Activity: When "lemma" occurs in a line of the material, copy that line.

+++ Material shown

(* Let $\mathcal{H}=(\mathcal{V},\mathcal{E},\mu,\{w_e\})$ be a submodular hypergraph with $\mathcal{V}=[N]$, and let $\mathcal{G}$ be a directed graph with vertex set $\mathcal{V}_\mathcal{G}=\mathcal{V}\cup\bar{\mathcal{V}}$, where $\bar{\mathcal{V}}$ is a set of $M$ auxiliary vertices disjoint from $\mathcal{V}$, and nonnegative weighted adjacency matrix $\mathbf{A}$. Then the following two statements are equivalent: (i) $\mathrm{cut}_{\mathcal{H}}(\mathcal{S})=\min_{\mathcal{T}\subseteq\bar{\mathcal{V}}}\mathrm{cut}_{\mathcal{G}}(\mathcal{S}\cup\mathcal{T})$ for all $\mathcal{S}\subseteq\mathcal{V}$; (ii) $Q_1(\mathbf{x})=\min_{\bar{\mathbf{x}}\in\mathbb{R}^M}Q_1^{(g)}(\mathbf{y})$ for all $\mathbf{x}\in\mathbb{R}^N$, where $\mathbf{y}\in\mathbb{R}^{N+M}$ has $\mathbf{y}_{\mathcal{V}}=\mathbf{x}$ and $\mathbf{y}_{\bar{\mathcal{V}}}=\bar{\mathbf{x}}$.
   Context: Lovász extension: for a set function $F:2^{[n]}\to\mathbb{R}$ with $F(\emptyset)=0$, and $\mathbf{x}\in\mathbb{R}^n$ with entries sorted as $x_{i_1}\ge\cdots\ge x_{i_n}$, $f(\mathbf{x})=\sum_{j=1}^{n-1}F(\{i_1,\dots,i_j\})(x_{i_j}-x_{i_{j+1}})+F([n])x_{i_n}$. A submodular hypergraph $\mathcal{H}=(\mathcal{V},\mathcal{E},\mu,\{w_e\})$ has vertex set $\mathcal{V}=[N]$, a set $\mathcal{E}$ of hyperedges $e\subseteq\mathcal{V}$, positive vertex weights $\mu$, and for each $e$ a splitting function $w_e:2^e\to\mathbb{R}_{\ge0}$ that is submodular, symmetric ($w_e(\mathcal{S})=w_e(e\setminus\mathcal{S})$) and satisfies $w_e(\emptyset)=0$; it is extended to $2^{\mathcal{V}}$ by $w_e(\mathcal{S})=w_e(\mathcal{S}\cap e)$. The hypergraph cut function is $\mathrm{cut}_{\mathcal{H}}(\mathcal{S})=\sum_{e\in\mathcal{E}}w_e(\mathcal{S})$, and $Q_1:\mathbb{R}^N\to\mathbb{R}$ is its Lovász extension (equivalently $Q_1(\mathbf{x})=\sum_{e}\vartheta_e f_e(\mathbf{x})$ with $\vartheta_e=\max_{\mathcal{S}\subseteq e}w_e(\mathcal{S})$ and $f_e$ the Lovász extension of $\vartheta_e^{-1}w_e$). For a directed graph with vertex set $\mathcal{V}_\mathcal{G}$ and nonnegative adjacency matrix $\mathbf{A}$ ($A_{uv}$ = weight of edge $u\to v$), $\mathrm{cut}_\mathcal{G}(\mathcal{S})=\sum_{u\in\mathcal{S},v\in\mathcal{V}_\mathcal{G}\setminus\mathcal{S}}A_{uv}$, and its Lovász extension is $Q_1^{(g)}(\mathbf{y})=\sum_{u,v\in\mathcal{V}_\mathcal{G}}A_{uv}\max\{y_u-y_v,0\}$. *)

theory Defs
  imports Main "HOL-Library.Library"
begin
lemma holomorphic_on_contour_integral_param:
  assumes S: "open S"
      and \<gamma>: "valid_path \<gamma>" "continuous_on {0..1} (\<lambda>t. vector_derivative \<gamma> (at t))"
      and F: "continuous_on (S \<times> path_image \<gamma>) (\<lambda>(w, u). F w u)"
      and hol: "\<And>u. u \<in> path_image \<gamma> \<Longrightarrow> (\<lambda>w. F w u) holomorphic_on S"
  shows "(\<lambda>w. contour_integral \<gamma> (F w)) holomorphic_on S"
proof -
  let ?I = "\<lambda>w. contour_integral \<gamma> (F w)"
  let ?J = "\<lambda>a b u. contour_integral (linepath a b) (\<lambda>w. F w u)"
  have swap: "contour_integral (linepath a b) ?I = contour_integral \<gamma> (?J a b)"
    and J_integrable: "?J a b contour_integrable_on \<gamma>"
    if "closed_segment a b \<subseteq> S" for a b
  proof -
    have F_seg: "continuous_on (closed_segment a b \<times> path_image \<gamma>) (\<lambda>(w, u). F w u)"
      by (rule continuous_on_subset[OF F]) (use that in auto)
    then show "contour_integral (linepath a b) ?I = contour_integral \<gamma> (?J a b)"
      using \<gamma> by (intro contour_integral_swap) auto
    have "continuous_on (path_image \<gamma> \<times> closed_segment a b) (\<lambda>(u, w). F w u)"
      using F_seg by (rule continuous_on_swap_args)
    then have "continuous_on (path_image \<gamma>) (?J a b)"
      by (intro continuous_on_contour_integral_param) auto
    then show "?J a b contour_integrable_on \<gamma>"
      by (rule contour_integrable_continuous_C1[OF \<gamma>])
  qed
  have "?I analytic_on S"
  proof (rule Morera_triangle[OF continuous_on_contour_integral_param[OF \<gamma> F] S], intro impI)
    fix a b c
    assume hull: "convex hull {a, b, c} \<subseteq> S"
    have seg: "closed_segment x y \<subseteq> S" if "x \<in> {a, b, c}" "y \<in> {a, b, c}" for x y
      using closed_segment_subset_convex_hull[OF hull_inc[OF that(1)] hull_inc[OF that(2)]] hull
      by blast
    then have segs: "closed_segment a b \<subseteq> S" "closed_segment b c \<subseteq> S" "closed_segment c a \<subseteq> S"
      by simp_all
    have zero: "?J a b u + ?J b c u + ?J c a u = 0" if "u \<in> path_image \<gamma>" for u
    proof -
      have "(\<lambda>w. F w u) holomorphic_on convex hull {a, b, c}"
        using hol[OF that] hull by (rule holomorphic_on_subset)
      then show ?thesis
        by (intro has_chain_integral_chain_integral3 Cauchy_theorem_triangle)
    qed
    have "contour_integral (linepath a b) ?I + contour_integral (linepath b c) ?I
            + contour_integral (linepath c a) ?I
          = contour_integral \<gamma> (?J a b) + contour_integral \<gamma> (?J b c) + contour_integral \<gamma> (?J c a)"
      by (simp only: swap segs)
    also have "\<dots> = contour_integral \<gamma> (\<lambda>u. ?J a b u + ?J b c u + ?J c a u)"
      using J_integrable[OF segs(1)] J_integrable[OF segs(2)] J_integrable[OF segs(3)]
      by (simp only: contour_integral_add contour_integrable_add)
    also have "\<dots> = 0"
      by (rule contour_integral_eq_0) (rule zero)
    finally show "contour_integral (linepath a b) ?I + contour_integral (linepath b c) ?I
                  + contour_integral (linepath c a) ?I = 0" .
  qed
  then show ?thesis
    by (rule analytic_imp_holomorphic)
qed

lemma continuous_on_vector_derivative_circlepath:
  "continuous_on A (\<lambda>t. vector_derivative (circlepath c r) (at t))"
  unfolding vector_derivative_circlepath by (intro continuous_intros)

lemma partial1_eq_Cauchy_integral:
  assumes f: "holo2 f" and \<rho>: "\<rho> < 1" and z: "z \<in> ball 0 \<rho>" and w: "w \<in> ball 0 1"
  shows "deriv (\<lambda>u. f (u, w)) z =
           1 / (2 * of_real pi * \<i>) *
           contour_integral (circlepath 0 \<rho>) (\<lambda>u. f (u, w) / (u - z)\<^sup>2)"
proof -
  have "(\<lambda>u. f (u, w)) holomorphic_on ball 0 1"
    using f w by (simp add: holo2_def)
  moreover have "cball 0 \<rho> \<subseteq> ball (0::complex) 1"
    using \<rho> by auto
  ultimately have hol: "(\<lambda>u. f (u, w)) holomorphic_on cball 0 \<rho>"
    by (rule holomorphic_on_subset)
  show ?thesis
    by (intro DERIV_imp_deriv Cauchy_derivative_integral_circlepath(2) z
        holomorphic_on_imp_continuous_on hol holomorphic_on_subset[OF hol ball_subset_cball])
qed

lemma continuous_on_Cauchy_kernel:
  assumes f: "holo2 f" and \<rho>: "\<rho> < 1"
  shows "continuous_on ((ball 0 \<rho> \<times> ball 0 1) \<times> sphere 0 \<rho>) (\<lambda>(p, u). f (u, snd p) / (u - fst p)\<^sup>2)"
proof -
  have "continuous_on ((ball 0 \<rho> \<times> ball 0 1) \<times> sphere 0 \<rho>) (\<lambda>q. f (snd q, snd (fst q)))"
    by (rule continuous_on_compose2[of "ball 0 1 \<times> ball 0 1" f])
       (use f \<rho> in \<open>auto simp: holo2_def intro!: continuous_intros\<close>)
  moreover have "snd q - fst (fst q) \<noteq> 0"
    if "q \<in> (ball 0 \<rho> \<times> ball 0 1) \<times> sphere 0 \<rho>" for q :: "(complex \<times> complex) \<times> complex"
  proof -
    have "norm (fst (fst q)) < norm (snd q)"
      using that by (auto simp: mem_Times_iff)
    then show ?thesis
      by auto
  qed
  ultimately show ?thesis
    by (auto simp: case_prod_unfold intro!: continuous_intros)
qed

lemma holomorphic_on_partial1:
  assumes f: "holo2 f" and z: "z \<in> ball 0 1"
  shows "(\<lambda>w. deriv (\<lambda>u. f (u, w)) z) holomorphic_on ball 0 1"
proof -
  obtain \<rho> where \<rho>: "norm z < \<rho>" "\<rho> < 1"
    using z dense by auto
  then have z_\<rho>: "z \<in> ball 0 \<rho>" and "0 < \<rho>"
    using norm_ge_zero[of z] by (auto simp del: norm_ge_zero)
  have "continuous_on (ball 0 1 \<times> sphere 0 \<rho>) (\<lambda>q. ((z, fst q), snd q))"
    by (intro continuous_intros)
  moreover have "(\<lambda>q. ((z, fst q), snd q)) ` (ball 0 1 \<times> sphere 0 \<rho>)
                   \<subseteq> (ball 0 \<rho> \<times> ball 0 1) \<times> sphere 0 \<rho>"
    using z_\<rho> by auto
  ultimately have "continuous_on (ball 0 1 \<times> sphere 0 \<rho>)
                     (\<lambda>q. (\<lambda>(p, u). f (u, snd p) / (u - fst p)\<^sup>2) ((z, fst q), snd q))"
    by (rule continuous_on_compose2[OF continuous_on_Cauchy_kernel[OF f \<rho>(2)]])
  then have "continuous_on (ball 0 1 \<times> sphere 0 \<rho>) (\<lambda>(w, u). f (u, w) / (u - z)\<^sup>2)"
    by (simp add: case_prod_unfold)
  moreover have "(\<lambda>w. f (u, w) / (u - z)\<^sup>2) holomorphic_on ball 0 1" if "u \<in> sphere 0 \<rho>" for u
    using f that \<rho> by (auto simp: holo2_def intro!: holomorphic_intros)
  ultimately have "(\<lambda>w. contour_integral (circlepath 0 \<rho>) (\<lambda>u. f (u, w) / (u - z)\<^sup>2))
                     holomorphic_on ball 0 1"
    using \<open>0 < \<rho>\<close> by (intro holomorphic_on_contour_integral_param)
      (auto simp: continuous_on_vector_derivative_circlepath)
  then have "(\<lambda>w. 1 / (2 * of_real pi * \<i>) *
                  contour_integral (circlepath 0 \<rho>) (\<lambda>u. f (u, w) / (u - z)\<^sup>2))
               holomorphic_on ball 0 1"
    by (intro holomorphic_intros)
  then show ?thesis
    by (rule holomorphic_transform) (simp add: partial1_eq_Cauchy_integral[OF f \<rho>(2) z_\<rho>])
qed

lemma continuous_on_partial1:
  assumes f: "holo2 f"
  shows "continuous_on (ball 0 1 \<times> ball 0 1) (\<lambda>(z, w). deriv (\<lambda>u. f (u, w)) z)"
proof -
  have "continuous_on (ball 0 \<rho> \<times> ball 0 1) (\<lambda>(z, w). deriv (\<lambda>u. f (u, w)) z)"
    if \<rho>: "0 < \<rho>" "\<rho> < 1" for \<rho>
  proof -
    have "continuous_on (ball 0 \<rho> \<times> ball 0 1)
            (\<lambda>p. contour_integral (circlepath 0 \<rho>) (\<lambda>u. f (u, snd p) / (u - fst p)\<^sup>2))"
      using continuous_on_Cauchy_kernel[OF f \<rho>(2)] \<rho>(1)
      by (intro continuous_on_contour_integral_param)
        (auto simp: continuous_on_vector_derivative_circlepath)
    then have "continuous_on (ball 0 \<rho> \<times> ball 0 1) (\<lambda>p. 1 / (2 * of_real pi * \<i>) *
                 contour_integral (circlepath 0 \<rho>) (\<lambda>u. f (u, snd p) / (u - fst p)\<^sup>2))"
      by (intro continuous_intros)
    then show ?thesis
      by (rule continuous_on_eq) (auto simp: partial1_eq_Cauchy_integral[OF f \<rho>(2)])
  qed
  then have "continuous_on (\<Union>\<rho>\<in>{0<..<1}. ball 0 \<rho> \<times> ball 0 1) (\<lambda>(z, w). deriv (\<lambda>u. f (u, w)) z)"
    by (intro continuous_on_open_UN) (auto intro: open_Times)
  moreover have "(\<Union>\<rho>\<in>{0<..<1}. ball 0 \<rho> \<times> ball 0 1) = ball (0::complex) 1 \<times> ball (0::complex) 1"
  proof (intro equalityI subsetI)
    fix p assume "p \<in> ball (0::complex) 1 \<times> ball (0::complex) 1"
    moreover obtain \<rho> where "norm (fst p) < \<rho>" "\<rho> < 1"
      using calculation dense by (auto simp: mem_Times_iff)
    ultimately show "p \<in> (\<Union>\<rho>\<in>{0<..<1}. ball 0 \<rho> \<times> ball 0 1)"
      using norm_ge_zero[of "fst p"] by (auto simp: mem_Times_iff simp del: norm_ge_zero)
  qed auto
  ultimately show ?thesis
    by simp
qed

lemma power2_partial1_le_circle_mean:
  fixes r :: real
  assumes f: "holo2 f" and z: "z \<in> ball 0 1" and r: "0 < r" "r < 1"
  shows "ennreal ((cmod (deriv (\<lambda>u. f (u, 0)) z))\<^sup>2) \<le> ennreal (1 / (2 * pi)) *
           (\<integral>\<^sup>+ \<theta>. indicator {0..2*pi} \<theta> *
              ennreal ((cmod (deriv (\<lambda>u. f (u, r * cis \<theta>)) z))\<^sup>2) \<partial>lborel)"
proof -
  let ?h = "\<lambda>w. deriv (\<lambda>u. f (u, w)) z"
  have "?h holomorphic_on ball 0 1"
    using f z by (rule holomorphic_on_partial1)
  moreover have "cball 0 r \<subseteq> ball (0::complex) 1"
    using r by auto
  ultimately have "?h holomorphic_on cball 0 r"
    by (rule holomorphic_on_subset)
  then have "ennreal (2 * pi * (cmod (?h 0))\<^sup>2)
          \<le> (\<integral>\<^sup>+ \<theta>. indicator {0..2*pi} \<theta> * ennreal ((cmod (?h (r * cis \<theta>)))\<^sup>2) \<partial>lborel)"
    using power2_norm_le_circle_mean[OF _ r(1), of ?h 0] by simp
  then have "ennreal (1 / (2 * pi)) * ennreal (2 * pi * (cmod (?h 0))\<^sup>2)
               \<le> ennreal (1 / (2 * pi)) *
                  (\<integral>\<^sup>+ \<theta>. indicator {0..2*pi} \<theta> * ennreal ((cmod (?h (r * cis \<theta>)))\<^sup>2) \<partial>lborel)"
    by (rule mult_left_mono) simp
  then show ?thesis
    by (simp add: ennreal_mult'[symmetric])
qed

++++++

Result for this task:
lemma holomorphic_on_contour_integral_param:
lemma continuous_on_vector_derivative_circlepath:
lemma partial1_eq_Cauchy_integral:
lemma continuous_on_Cauchy_kernel:
lemma holomorphic_on_partial1:
lemma continuous_on_partial1:
lemma power2_partial1_le_circle_mean:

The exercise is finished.